Collected data.
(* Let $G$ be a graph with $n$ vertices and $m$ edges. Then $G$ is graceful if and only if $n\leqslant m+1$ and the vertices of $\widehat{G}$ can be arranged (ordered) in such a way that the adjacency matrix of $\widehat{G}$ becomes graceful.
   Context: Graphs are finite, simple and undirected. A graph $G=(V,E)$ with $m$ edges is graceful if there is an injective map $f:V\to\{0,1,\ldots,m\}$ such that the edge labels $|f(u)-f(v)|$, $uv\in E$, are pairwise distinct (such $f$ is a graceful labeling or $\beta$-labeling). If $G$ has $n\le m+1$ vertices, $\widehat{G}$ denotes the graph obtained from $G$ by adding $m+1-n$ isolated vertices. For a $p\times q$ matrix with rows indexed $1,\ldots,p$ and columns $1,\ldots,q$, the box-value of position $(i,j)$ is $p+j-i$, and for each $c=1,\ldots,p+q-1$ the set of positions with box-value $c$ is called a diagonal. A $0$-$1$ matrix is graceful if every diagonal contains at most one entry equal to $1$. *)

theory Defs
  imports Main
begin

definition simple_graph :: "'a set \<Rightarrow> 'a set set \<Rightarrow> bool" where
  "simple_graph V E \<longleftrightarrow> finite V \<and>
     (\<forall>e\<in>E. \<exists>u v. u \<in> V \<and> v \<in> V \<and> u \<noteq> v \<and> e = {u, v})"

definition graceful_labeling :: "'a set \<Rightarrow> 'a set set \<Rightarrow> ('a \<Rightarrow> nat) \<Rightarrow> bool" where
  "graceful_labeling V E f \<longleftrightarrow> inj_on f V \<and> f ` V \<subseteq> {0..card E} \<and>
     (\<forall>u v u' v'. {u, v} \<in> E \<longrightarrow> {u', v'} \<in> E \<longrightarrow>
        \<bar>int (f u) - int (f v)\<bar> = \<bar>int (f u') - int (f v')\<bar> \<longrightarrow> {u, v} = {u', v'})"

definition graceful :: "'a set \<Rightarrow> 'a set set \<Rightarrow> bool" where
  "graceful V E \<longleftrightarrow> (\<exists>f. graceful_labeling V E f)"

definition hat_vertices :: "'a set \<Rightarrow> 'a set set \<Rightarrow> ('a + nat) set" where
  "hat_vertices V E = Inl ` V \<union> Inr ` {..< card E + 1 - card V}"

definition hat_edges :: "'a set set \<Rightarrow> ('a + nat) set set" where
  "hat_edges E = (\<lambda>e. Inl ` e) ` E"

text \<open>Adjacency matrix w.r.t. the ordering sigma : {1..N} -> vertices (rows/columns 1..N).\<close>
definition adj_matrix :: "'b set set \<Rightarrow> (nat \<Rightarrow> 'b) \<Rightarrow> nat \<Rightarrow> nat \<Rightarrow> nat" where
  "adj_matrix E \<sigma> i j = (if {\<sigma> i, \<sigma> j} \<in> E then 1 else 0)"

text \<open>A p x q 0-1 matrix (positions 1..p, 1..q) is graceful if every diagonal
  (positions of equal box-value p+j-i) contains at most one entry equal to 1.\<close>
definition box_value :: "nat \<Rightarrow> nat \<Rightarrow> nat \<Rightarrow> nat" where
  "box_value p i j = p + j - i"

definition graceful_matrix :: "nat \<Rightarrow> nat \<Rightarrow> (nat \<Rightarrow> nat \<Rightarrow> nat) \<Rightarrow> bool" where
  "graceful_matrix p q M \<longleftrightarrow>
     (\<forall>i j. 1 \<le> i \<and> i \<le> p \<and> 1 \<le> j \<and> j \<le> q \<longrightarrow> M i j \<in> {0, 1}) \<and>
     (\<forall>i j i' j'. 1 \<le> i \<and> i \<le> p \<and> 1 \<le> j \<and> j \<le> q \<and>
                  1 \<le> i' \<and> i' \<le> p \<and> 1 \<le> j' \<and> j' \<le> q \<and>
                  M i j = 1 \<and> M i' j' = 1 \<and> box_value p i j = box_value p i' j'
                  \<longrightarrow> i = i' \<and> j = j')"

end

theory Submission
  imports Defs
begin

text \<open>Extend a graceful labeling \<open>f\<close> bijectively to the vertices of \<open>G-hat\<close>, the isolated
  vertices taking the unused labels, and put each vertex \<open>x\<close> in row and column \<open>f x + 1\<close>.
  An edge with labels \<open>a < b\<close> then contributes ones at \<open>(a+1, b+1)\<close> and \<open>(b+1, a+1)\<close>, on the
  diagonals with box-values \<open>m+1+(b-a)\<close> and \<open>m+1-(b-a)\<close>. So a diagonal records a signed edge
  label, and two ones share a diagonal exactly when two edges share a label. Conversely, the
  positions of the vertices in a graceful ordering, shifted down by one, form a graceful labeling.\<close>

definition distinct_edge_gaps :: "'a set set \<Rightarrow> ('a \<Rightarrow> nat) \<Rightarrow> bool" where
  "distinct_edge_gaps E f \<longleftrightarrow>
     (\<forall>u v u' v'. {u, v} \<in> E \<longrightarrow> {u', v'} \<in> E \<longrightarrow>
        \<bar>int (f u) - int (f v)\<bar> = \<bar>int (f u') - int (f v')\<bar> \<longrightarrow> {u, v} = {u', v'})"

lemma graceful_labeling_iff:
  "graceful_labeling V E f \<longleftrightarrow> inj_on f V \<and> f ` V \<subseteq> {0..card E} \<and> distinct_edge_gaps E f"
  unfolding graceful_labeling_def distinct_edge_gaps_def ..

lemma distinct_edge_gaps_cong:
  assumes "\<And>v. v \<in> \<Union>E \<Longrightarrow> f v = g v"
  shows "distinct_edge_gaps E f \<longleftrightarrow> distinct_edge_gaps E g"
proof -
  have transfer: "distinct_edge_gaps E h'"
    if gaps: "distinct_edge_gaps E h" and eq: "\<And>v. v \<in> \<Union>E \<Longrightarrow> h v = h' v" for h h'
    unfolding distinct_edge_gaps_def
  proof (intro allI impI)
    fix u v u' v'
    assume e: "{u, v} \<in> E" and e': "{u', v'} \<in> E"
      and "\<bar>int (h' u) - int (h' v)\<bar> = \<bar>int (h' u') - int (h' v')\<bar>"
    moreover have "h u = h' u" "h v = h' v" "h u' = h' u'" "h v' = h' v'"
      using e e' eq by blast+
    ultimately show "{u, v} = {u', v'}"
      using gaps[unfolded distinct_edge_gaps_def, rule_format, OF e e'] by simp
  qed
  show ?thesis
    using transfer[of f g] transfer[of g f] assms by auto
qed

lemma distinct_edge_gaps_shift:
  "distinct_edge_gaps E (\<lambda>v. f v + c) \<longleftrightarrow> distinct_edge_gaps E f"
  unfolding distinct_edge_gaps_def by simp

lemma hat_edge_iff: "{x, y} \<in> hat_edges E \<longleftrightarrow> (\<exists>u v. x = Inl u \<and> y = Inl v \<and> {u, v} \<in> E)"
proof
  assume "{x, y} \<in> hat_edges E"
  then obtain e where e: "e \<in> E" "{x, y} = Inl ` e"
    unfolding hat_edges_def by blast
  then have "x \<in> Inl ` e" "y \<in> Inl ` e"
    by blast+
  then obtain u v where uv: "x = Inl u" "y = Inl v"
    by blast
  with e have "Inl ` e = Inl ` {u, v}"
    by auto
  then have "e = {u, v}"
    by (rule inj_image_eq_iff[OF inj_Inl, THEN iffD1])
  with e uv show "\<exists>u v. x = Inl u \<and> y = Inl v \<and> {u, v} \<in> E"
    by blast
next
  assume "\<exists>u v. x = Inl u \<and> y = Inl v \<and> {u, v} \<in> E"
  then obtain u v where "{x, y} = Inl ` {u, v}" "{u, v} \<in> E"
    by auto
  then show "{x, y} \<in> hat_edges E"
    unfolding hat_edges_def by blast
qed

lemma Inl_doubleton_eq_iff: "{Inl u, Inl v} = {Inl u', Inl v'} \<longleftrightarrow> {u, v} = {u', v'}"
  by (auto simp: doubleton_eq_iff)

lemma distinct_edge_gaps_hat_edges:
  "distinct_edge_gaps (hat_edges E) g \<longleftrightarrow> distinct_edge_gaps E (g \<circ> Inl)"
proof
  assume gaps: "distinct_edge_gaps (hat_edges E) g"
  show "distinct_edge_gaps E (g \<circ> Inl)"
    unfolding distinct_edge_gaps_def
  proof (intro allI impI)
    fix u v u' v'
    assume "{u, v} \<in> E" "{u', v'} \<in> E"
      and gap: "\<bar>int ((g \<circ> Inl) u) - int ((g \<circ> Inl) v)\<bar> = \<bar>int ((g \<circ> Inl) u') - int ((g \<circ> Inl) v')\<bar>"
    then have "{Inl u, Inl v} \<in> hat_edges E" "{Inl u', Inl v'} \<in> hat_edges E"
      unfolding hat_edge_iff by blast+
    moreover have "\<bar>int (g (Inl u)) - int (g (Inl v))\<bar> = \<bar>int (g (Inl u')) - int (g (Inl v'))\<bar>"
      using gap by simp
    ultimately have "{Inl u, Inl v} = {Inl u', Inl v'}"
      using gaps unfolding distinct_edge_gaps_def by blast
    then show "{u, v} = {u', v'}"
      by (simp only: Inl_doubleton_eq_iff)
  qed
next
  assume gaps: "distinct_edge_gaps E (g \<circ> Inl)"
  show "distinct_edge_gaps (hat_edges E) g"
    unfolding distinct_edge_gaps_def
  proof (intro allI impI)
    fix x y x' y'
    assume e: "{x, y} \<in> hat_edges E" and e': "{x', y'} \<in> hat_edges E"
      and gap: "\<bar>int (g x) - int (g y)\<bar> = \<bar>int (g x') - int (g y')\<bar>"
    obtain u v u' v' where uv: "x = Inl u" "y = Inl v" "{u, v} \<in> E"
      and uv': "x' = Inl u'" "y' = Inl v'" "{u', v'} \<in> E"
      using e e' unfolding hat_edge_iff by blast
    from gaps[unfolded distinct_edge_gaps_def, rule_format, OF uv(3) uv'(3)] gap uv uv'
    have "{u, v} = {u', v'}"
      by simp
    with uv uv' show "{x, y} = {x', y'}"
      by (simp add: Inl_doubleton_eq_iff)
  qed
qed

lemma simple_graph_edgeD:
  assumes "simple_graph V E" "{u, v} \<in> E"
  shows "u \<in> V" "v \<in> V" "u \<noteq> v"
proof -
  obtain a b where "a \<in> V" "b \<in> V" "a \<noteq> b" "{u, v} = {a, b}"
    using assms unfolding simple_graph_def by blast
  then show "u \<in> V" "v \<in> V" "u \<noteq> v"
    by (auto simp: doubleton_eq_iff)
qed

Task description.
Could you set down, word for word, only the lines above from the line with "(positions of equal" to the line with "nat \<Rightarrow> (nat", including both?

Result.
  (positions of equal box-value p+j-i) contains at most one entry equal to 1.\<close>
definition box_value :: "nat \<Rightarrow> nat \<Rightarrow> nat \<Rightarrow> nat" where
  "box_value p i j = p + j - i"

definition graceful_matrix :: "nat \<Rightarrow> nat \<Rightarrow> (nat \<Rightarrow> nat \<Rightarrow> nat) \<Rightarrow> bool" where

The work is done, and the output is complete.